--- Material for the task Enclosed Below ---

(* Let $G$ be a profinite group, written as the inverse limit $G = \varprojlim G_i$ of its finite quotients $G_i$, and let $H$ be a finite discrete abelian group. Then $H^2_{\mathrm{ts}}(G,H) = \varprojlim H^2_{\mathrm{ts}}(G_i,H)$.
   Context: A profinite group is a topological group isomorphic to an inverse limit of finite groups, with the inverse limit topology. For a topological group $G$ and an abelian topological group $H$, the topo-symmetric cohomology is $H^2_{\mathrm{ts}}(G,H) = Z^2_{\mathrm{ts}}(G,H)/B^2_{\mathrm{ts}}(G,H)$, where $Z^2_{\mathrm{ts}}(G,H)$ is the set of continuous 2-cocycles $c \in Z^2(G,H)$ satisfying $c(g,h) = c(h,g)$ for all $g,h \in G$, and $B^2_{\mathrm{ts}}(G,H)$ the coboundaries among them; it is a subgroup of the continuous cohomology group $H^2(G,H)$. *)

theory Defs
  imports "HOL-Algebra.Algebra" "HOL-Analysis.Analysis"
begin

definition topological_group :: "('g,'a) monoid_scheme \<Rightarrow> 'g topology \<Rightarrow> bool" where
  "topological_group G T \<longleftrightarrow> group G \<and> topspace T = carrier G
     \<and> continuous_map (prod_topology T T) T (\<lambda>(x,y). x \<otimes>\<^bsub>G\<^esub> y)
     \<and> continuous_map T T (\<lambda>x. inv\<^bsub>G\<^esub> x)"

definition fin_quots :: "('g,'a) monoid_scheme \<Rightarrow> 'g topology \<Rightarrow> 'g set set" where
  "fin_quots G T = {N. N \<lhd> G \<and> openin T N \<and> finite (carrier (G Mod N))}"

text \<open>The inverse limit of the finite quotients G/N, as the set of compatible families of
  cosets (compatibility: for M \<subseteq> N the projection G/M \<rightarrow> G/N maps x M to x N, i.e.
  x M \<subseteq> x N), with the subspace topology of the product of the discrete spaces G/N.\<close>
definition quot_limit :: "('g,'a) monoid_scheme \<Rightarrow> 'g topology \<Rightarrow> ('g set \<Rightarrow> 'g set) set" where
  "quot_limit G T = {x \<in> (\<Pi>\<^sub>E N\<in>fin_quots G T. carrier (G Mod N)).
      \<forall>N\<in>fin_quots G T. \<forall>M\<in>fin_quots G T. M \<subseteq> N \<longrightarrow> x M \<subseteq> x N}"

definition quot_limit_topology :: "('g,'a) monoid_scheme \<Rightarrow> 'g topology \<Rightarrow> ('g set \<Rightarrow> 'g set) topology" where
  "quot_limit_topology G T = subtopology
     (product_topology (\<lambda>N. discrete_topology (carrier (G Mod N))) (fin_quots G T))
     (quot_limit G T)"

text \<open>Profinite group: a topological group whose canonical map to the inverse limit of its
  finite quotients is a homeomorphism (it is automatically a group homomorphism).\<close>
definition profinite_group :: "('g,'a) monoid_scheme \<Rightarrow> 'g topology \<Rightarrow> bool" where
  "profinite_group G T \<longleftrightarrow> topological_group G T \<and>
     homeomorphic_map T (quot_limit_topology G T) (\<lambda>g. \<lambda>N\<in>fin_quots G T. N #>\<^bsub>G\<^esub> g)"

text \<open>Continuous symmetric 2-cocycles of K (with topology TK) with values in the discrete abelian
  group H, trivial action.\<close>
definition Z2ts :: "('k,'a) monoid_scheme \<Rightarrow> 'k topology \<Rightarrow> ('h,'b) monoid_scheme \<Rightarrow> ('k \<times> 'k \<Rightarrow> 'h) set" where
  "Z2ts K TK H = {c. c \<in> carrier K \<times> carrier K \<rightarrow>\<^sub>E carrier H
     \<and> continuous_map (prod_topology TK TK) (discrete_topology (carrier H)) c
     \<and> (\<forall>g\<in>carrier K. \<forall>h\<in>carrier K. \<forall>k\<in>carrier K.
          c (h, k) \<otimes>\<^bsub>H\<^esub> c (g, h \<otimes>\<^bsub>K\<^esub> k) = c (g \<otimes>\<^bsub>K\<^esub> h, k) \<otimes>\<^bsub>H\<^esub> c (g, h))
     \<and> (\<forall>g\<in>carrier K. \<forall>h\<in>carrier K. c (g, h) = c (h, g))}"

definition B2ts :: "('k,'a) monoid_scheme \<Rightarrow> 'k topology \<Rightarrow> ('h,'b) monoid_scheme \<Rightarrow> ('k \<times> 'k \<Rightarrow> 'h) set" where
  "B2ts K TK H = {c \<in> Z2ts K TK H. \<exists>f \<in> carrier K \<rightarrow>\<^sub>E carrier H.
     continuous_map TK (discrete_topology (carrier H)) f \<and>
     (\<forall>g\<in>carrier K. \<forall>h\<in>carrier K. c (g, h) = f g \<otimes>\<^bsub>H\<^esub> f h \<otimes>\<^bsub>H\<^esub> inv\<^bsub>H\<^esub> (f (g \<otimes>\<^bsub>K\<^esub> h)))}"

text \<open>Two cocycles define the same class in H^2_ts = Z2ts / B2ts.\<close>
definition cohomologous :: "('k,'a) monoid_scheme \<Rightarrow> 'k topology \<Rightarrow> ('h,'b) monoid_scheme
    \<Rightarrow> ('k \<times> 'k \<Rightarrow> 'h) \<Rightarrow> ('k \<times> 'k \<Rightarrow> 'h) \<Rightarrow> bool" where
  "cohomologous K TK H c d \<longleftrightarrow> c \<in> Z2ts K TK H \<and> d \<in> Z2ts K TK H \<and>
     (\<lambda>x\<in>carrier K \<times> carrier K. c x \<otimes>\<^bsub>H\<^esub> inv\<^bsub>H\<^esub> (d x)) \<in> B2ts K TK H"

--- End of Enclosed Material for the task ---

== Exercise requirements ==
Report the number of lines above containing the word "longleftrightarrow", with no other text.

== Your solution ==
3